Toda situação que é apresentada à justiça depende apenas de uma questão de poder. E esta questão de poder é uma questão relacionada à posse. A justiça é um serviço caro para quem dela necessita e tem se firmado mais como um serviço de finalidade lucrativa com total monopólio de sua função e das vantagens que dela retira. Esta situação quase que mercadológica da justiça torna ainda mais drástica a aplicação da prisão provisória porque a pessoa que é acusada tem um direito garantido de provar sua inocência, mas para isso precisa se dispor de recursos para mobilizar advogados. Os recursos são necessários porque o estado não mantêm profissionais a disposição para atender a qualquer cidadão que precise se defender de uma acusação. A situação é sempre emergencial, de tal forma que uma pessoa acusada não pode esperar pela disponibilidade de recursos público. No constrangimento de uma prisão que se pode afirmar arbitrária, qualquer pessoa sente-se humilhada e denegrida perante o seu grupo social. O desespero e a insegurança que é provocado pela situação leva a pessoa, forçosamente a se desprender de todos os recursos que pode para garantir a própria liberdade e proteger sua imagem pessoal. Em tal momento de angústia e desespero o Estado não pode dar assistência, como é obrigado a dar, porque não cuida de reservar recursos para isso, mantendo uma estrutura mínima de apoio para descaracterizar a omissão, porque é do direito de todo cidadão que recebe uma acusação, ter assistência jurídica por parte do Estado. A pessoa angustiada age impensadamente, vítima por um momento inoportuno que pode significar um grande prejuízo abalando o equilíbrio financeiro e até mesmo profissional da pessoa.
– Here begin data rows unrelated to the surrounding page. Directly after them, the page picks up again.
(* Let $\mathcal C,\mathcal D$ be parsummable categories and $F\colon\mathcal C\to\mathcal D$ a functor of underlying categories that preserves sums. Then: (1) $I\colon\mathcal C\to F_*\mathcal C$ is a morphism of parsummable categories; (2) if $F$ is essentially surjective, then $\hat F\colon F_*\mathcal C\to\mathcal D$ is an equivalence of categories; (3) as ordinary functors, $F=\hat F\circ I$.
   Context: Let $\omega=\{1,2,\dots\}$, $\mathcal M$ the monoid of injections $\omega\to\omega$, $E\mathcal M$ the category with objects $\mathcal M$ and unique morphisms between any two objects. An $E\mathcal M$-category is a small category with a strict $E\mathcal M$-action ($u_*$ the action of $u$, $u^X_\circ\colon X\to u_*X$ the isomorphism from $1\to u$); $\mathrm{supp}(X)$ is the intersection of finite $A\subset\omega$ with $u_*X=X$ for all $u$ fixing $A$ pointwise; tame means all supports finite. A parsummable category is a tame $E\mathcal M$-category with an object $0$ of empty support and a functor $+$ on the full subcategory $\mathcal C\boxtimes\mathcal C$ of disjointly supported pairs, strictly unital, associative, commutative and $E\mathcal M$-equivariant. A morphism of parsummable categories is a strictly $E\mathcal M$-equivariant functor preserving $0$ and $+$ strictly. A functor $F\colon\mathcal C\to\mathcal D$ of underlying categories preserves sums if $F(0)=0$, $F\times F$ maps $\mathcal C\boxtimes\mathcal C$ into $\mathcal D\boxtimes\mathcal D$, and $F$ commutes with $+$ on objects and morphisms. $F_*\mathcal C$ is the parsummable category whose objects are those of $\mathcal C$, with $\mathrm{Hom}_{F_*\mathcal C}(X,Y)=\mathrm{Hom}_{\mathcal D}(FX,FY)$, $\mathcal M$-action on objects as in $\mathcal C$, structure isomorphisms $u^X_\circ$ given by $F(u^X_\circ)$, sum of objects as in $\mathcal C$ and sum of morphisms as in $\mathcal D$. $I\colon\mathcal C\to F_*\mathcal C$ is the identity on objects and sends $f\colon X\to Y$ to $F(f)$. $\hat F\colon F_*\mathcal C\to\mathcal D$ is $F$ on objects and the identity on hom-sets. *)

theory Defs
  imports Main
begin

record ('o,'m) cat =
  cObj  :: "'o set"
  cMor  :: "'m set"
  cDom  :: "'m \<Rightarrow> 'o"
  cCod  :: "'m \<Rightarrow> 'o"
  cId   :: "'o \<Rightarrow> 'm"
  cComp :: "'m \<Rightarrow> 'm \<Rightarrow> 'm"   (* cComp C g f = g \<circ> f *)

definition hom :: "('o,'m,'z) cat_scheme \<Rightarrow> 'o \<Rightarrow> 'o \<Rightarrow> 'm set" where
  "hom C X Y = {f \<in> cMor C. cDom C f = X \<and> cCod C f = Y}"
theorem theorem2p7:
  fixes K :: "'n::finite \<Rightarrow> ('n \<Rightarrow> 'a::finite) \<Rightarrow> 'a \<Rightarrow> 'a \<Rightarrow> real"
    and \<Omega> G :: "('n \<Rightarrow> 'a) set"
    and A tstar \<eta> :: real and L :: nat
  defines "P \<equiv> cr_kernel K"
  assumes K: "cr_data K"
    and rev: "\<forall>x y. P x y = P y x"
    and \<Omega>ne: "\<Omega> \<noteq> {}"
    and inv: "\<forall>x\<in>\<Omega>. \<forall>y. y \<notin> \<Omega> \<longrightarrow> P x y = 0"
    and G: "G \<subseteq> \<Omega>" "G \<noteq> {}"
    and Apos: "A > 0"
    and LS: "\<forall>F :: ('n \<Rightarrow> 'a) \<Rightarrow> real. (\<forall>x. F x \<ge> 0) \<longrightarrow> (\<forall>x. x \<notin> G \<longrightarrow> F x = 0) \<longrightarrow>
               Ent_unif (\<lambda>x. (F x)^2) \<le> A * dirichlet_unif P F"
    and tstar: "tstar \<ge> 0" and L: "L \<ge> 1" and eta: "\<eta> \<ge> 0"
    and exit: "\<forall>x\<in>\<Omega>. \<forall>s::nat. real s \<ge> tstar \<longrightarrow> exit_prob P G x s L \<le> \<eta>"
  shows "let tconf = 2 * A * ln (exp 1 + ln (real (card \<Omega>)));
             \<zeta> = poi_gt tconf L;
             piGc = real (card (\<Omega> - G)) / real (card \<Omega>);
             piG = real (card G) / real (card \<Omega>);
             R = exp (- tconf / A) * ln (real (card \<Omega>)) + A * piGc / piG;
             bound = 2 * (\<eta> + \<zeta>) + sqrt (R / 2) + piGc
         in (\<forall>x\<in>\<Omega>. \<forall>s::nat. real s \<ge> tstar \<longrightarrow>
               tv_dist (\<lambda>y. \<Sum>z\<in>UNIV. mpow P s x z * heat P tconf z y) (cond_unif \<Omega>) \<le> bound)
          \<and> (bound + poi_lt (2 * tstar) tstar \<le> 1/4 \<longrightarrow> tmix_cont P \<Omega> \<le> 2 * tstar + tconf)"
proof -
  interpret restricted_log_sobolev P \<Omega> G A
    unfolding restricted_log_sobolev_def restricted_log_sobolev_axioms_def
    using stochastic_cr_kernel[OF K] rev inv G Apos LS by (simp add: P_def)
  define tconf where "tconf = 2 * A * ln (exp 1 + ln (real (card \<Omega>)))"
  define R where "R = exp (- tconf / A) * ln (real (card \<Omega>)) + A * rho"
  define bound where "bound = 2 * (\<eta> + poi_gt tconf L) + sqrt (R / 2) + real (card (\<Omega> - G)) / real (card \<Omega>)"
  have tconf: "0 \<le> tconf"
    using Apos ln_card_Omega_nonneg by (simp add: tconf_def add_increasing2)
  have "A * (real (card (\<Omega> - G)) / real (card \<Omega>)) / (real (card G) / real (card \<Omega>)) = A * rho"
    using ln_card_Omega_nonneg card_G_pos \<Omega>ne by (simp add: rho_def field_simps card_gt_0_iff)
  then have R_eq: "R = exp (- tconf / A) * ln (real (card \<Omega>))
      + A * (real (card (\<Omega> - G)) / real (card \<Omega>)) / (real (card G) / real (card \<Omega>))"
    by (simp add: R_def)
  have burn_in: "tv_dist (\<lambda>y. \<Sum>z\<in>UNIV. mpow P s x z * heat P tconf z y) (cond_unif \<Omega>) \<le> bound"
    if "x \<in> \<Omega>" "tstar \<le> real s" for x s
    using tv_heat_after_burn_in[OF tconf eta] exit that by (simp add: bound_def R_def)
  moreover have "0 \<le> bound"
    using eta poi_gt_nonneg[OF tconf] ln_card_Omega_nonneg Apos rho_nonneg by (simp add: bound_def R_def)
  ultimately have "bound + poi_lt (2 * tstar) tstar \<le> 1/4 \<longrightarrow> tmix_cont P \<Omega> \<le> 2 * tstar + tconf"
    using tmix_cont_le[OF \<Omega>ne tstar tconf] by blast
  with burn_in show ?thesis
    by (simp add: Let_def R_eq bound_def flip: tconf_def)
qed

end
Se a justiça se dispõe de tal medida cautelar para garantir sua atuação evitando a impossibilidade de agir e isso pode ser considerado como uma afronta a lei maior que trata das garantias e liberdade individuais, não se pode negar tal medida como uma grande necessidade para o sistema jurídico. É preciso no entanto discutir até em que ponto, a justiça deve respeitar a liberdade individual para não ferir os direitos à liberdade. A justiça acaba se omitindo diante de intenções de crimes, porque precisa esperar o flagrante. Não basta o criminoso estar tentando praticar algum crime. Ele precisa estar praticando o crime para que a prisão seja legitimada pelo flagrante. É louvável a observação dos direitos e garantias individuais, mas enquanto se cuida para não feri-los, são os mesmos direitos e garantias feridos no âmbito coletivo da sociedade. Aqui é preciso separar pessoas de bem daquelas que são mal intencionadas por agir de forma criminosa.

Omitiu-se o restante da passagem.